Collected data:
........
definition ptilde :: "(nat \<Rightarrow> (nat \<Rightarrow> nat) set) \<Rightarrow> nat \<Rightarrow> nat list \<Rightarrow> real" where
  "ptilde P n \<tau> = real (h P n \<tau>) / real (card (P n))"

definition num_fixed :: "nat \<Rightarrow> (nat \<Rightarrow> nat) \<Rightarrow> nat" where
  "num_fixed n \<phi> = card {i \<in> {1..n}. \<phi> i = i}"

definition avg_fixed :: "(nat \<Rightarrow> (nat \<Rightarrow> nat) set) \<Rightarrow> nat \<Rightarrow> real" where
  "avg_fixed P n = (\<Sum>\<phi>\<in>P n. real (num_fixed n \<phi>)) / real (card (P n))"

end

(*
  Write pos \<psi> = map (inv \<psi>) \<tau> for the positions at which the letters of \<tau> occur in the
  word \<psi>(1) ... \<psi>(n); then \<psi> contains \<tau> iff pos \<psi> is increasing.  Call \<psi> good if no
  position is itself a letter of \<tau>.  Conjugating a good \<psi> by a permutation \<sigma> that fixes the
  letters of \<tau> and moves only positions replaces pos \<psi> by map \<sigma> (pos \<psi>); since P n is closed
  under conjugation, every ordering of a given set of positions occurs equally often, so exactly
  a 1/k! fraction of the good permutations contains \<tau>.  A bad \<psi> has \<psi> a = b for letters a, b
  of \<tau>.  Conjugation invariance makes the number of \<psi> with \<psi> a = a equal to the total number
  of fixed points divided by n, and the number with \<psi> a = b (a \<noteq> b) at most |P n| / (n - 1).
  So the bad fraction is at most k\<^sup>2 (avg_fixed P n / n + 1 / (n - 1)), which tends to 0.
*)

theory Submission
  imports Defs "HOL-Combinatorics.Multiset_Permutations"
begin

lemma sorted_wrt_subseq: "subseq xs ys \<Longrightarrow> sorted_wrt R ys \<Longrightarrow> sorted_wrt R xs"
  by (induction rule: list_emb.induct) (auto dest: list_emb_set)

lemma subseq_upt_iff:
  "subseq xs [a..<b] \<longleftrightarrow> sorted_wrt (<) xs \<and> set xs \<subseteq> {a..<b}"
proof
  assume subseq: "subseq xs [a..<b]"
  have "set xs \<subseteq> set [a..<b]"
    using list_emb_set[OF subseq] by blast
  then show "sorted_wrt (<) xs \<and> set xs \<subseteq> {a..<b}"
    using sorted_wrt_subseq[OF subseq sorted_wrt_upt] by simp
next
  assume "sorted_wrt (<) xs \<and> set xs \<subseteq> {a..<b}"
  then show "subseq xs [a..<b]"
    using sorted_subset_imp_subseq[of xs "[a..<b]"] sorted_upt[of a b] by simp
qed

lemma has_subseq_iff_sorted_positions:
  assumes "\<psi> permutes {1..n}" "set \<tau> \<subseteq> {1..n}"
  shows "has_subseq n \<psi> \<tau> \<longleftrightarrow> sorted_wrt (<) (map (inv \<psi>) \<tau>)"
proof -
  have "inv \<psi> ` set \<tau> \<subseteq> inv \<psi> ` {1..n}"
    by (rule image_mono[OF assms(2)])
  then have "set (map (inv \<psi>) \<tau>) \<subseteq> {1..<n+1}"
    using permutes_image[OF permutes_inv[OF assms(1)]] by (simp add: atLeastLessThanSuc_atLeastAtMost)
  moreover have "subseq \<tau> (map \<psi> [1..<n+1]) \<longleftrightarrow> subseq (map (inv \<psi>) \<tau>) [1..<n+1]"
    using subseq_map[of \<tau> "map \<psi> [1..<n+1]" "inv \<psi>"] subseq_map[of "map (inv \<psi>) \<tau>" "[1..<n+1]" \<psi>]
      permutes_inverses[OF assms(1)] by (auto simp: comp_def)
  ultimately show ?thesis
    unfolding has_subseq_def word_def subseq_upt_iff by blast
qed

lemma obtain_permutes_map_eq:
  assumes "distinct xs" "distinct ys" "set xs = set ys"
  obtains \<sigma> where "\<sigma> permutes set xs" "map \<sigma> xs = ys"
proof
  have len: "length ys = length xs" using assms by (metis distinct_card)
  define f where "f = (!) ys \<circ> the_inv_into {..<length xs} ((!) xs)"
  have bij_nth: "bij_betw ((!) xs) {..<length xs} (set xs)"
    using bij_betw_nth[OF assms(1)] by simp
  have "bij_betw f (set xs) (set xs)"
    unfolding f_def using bij_betw_trans[OF bij_betw_the_inv_into[OF bij_nth] bij_betw_nth[OF assms(2)]]
      len assms(3) by simp
  then show "(\<lambda>x. if x \<in> set xs then f x else x) permutes set xs"
    by (intro bij_imp_permutes) (auto cong: bij_betw_cong)
  have "f (xs ! i) = ys ! i" if "i < length xs" for i
    using the_inv_into_f_f[OF bij_betw_imp_inj_on[OF bij_nth]] that by (simp add: f_def)
  then show "map (\<lambda>x. if x \<in> set xs then f x else x) xs = ys"
    by (intro nth_equalityI) (auto simp: len)
qed

lemma eq_sorted_list_of_set_iff:
  assumes "finite S"
  shows "xs = sorted_list_of_set S \<longleftrightarrow> set xs = S \<and> sorted_wrt (<) xs"
  using sorted_list_of_set_unique[OF assms, of xs] by (auto simp: strict_sorted_iff distinct_card)

lemma card_set_fiber_eq:
  fixes p :: "'a \<Rightarrow> 'b::linorder list"
  assumes "finite A" "finite S"
    and distinct: "\<And>x. x \<in> A \<Longrightarrow> distinct (p x)"
    and fiber_eq: "\<And>ys. ys \<in> permutations_of_set S \<Longrightarrow>
                     card {x\<in>A. p x = ys} = card {x\<in>A. p x = sorted_list_of_set S}"
  shows "card {x\<in>A. set (p x) = S} = fact (card S) * card {x\<in>A. set (p x) = S \<and> sorted_wrt (<) (p x)}"
proof -
  have "{x\<in>A. set (p x) = S} = (\<Union>ys\<in>permutations_of_set S. {x\<in>A. p x = ys})"
    using distinct by (auto simp: permutations_of_set_def)
  then have "card {x\<in>A. set (p x) = S} = (\<Sum>ys\<in>permutations_of_set S. card {x\<in>A. p x = ys})"
    using assms(1) by (simp only:) (intro card_UN_disjoint; auto)
  also have "\<dots> = fact (card S) * card {x\<in>A. p x = sorted_list_of_set S}"
    using fiber_eq assms(2) by simp
  also have "{x\<in>A. p x = sorted_list_of_set S} = {x\<in>A. set (p x) = S \<and> sorted_wrt (<) (p x)}"
    using eq_sorted_list_of_set_iff[OF assms(2)] by simp
  finally show ?thesis .
qed
lemma vec_mod_transvection_axis:
  assumes "a \<noteq> b" "q > 1"
  shows "vec_mod q (transvection a b c *v axis b 1) = axis b 1 \<longleftrightarrow> q dvd c"
proof -
  have reduced: "vec_mod q (transvection a b c *v axis b 1)
      = (\<chi> r. if r = b then 1 else if r = a then c mod q else 0)"
    using assms by (simp add: transvection_mult_axis) (simp add: vec_eq_iff vec_mod_def axis_def)
  show ?thesis
  proof
    assume "vec_mod q (transvection a b c *v axis b 1) = axis b 1"
    then have "(\<chi> r. if r = b then 1 else if r = a then c mod q else 0) $ a = axis b 1 $ a"
      by (simp only: reduced)
    then show "q dvd c" using assms(1) by (simp add: axis_def dvd_eq_mod_eq_0)
  next
    assume "q dvd c"
    then show "vec_mod q (transvection a b c *v axis b 1) = axis b 1"
      unfolding reduced by (simp add: vec_eq_iff axis_def)
  qed
qed

lemma prime_dvd_if_transvection_power:
  fixes x :: "int^'n::finite^'n" and a b :: 'n and p :: nat and N :: int
  assumes "a \<noteq> b" "prime p" "x \<in> carrier SL_group"
    and root: "x [^]\<^bsub>SL_group\<^esub> (p ^ CARD('n)) = transvection a b N"
  shows "int p dvd N"
proof -
  interpret SL: group "SL_group :: (int^'n^'n) monoid" by (rule group_SL_group)
  let ?f = "\<lambda>v. vec_mod (int p) (x *v v)" and ?e = "axis b 1 :: int^'n"
  have p: "int p > 1" using assms(2) prime_gt_1_nat by auto
  have e: "vec_mod (int p) ?e = ?e" using p by (simp add: vec_eq_iff vec_mod_def axis_def)
  have iter: "(?f ^^ k) ?e = vec_mod (int p) ((x [^]\<^bsub>SL_group\<^esub> k) *v ?e)" for k
    using funpow_vec_mod[where p = "int p" and A = x and v = ?e] e by simp
  note fixes_mod = vec_mod_transvection_axis[OF assms(1) p]
  have "x [^]\<^bsub>SL_group\<^esub> (p ^ Suc CARD('n)) = (x [^]\<^bsub>SL_group\<^esub> (p ^ CARD('n))) [^]\<^bsub>SL_group\<^esub> p"
    using SL.nat_pow_pow[OF assms(3)] by (simp add: mult.commute)
  also have "\<dots> = transvection a b N [^]\<^bsub>SL_group\<^esub> p" by (simp add: root)
  also have "\<dots> = transvection a b (int p * N)" by (rule transvection_pow_SL[OF assms(1)])
  finally have fixed: "(?f ^^ (p ^ Suc CARD('n))) ?e = ?e" using iter fixes_mod by simp
  have e_in: "?e \<in> range (vec_mod (int p))" using e by (metis rangeI)
  have maps: "?f ` range (vec_mod (int p)) \<subseteq> range (vec_mod (int p))" by blast
  have fin: "finite (range (vec_mod (int p)) :: (int^'n) set)"
    and card: "card (range (vec_mod (int p)) :: (int^'n) set) \<le> p ^ CARD('n)"
    using card_range_vec_mod[where p = "int p", where 'n = 'n] p by simp_all
  have "(?f ^^ (p ^ CARD('n))) ?e = ?e"
    by (rule funpow_prime_power_period[OF fin maps e_in assms(2) fixed card])
  then show ?thesis using iter root fixes_mod by simp
qed

section \<open>Short words for transvections\<close>

definition cat_map :: "int \<times> int \<Rightarrow> int \<times> int" where
  "cat_map v = (2 * fst v + snd v, fst v + snd v)"

definition cat_map_inv :: "int \<times> int \<Rightarrow> int \<times> int" where
  "cat_map_inv v = (fst v - snd v, 2 * snd v - fst v)"

(* The trace of the k-th power of [[2,1],[1,1]], i.e. the Lucas number L_(2k). *)

fun cat_trace :: "nat \<Rightarrow> int" where
  "cat_trace 0 = 2"
| "cat_trace (Suc 0) = 3"
| "cat_trace (Suc (Suc k)) = 3 * cat_trace (Suc k) - cat_trace k"

lemma cat_trace_mono: "0 \<le> cat_trace k \<and> cat_trace k \<le> cat_trace (Suc k)"
  by (induction k rule: cat_trace.induct) auto
lemma flow_out_le_mass:
  fixes \<pi> :: "'a \<Rightarrow> real" and P :: "'a \<Rightarrow> 'a \<Rightarrow> real"
  assumes "finite X" "S \<subseteq> X"
    and "\<forall>x\<in>X. 0 \<le> \<pi> x"
    and "\<forall>x\<in>X. \<forall>y\<in>X. 0 \<le> P x y" "\<forall>x\<in>X. (\<Sum>y\<in>X. P x y) = 1"
    and "\<forall>x\<in>S. \<forall>y\<in>X - S. 0 < P x y \<longrightarrow> Q x"
  shows "(\<Sum>x\<in>S. \<Sum>y\<in>X - S. \<pi> x * P x y) \<le> (\<Sum>x\<in>{x\<in>X. Q x}. \<pi> x)"
proof -
  have "(\<Sum>y\<in>X - S. \<pi> x * P x y) \<le> (if Q x then \<pi> x else 0)" if "x \<in> S" for x
  proof (cases "Q x")
    case True
    have "(\<Sum>y\<in>X - S. \<pi> x * P x y) \<le> (\<Sum>y\<in>X. \<pi> x * P x y)"
      using assms that by (intro sum_mono2) auto
    also have "\<dots> = \<pi> x" using assms that by (auto simp flip: sum_distrib_left)
    finally show ?thesis using True by simp
  next
    case False
    then have "\<forall>y\<in>X - S. P x y = 0"
      using assms that by (metis Diff_iff less_eq_real_def subsetD)
    then show ?thesis using False by simp
  qed
  then have "(\<Sum>x\<in>S. \<Sum>y\<in>X - S. \<pi> x * P x y) \<le> (\<Sum>x\<in>S. if Q x then \<pi> x else 0)"
    by (rule sum_mono)
  also have "\<dots> \<le> (\<Sum>x\<in>X. if Q x then \<pi> x else 0)"
    using assms by (intro sum_mono2) auto
  also have "\<dots> = (\<Sum>x\<in>{x\<in>X. Q x}. \<pi> x)"
    using assms(1) by (simp add: sum.inter_filter)
  finally show ?thesis .
qed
........
*Goal of the exercise*. Wherever the string "only" occurs in the entries, copy that whole line.

*Solution below*.
  letters of \<tau> and moves only positions replaces pos \<psi> by map \<sigma> (pos \<psi>); since P n is closed
    using assms(1) by (simp only:) (intro card_UN_disjoint; auto)
      by (simp only: reduced)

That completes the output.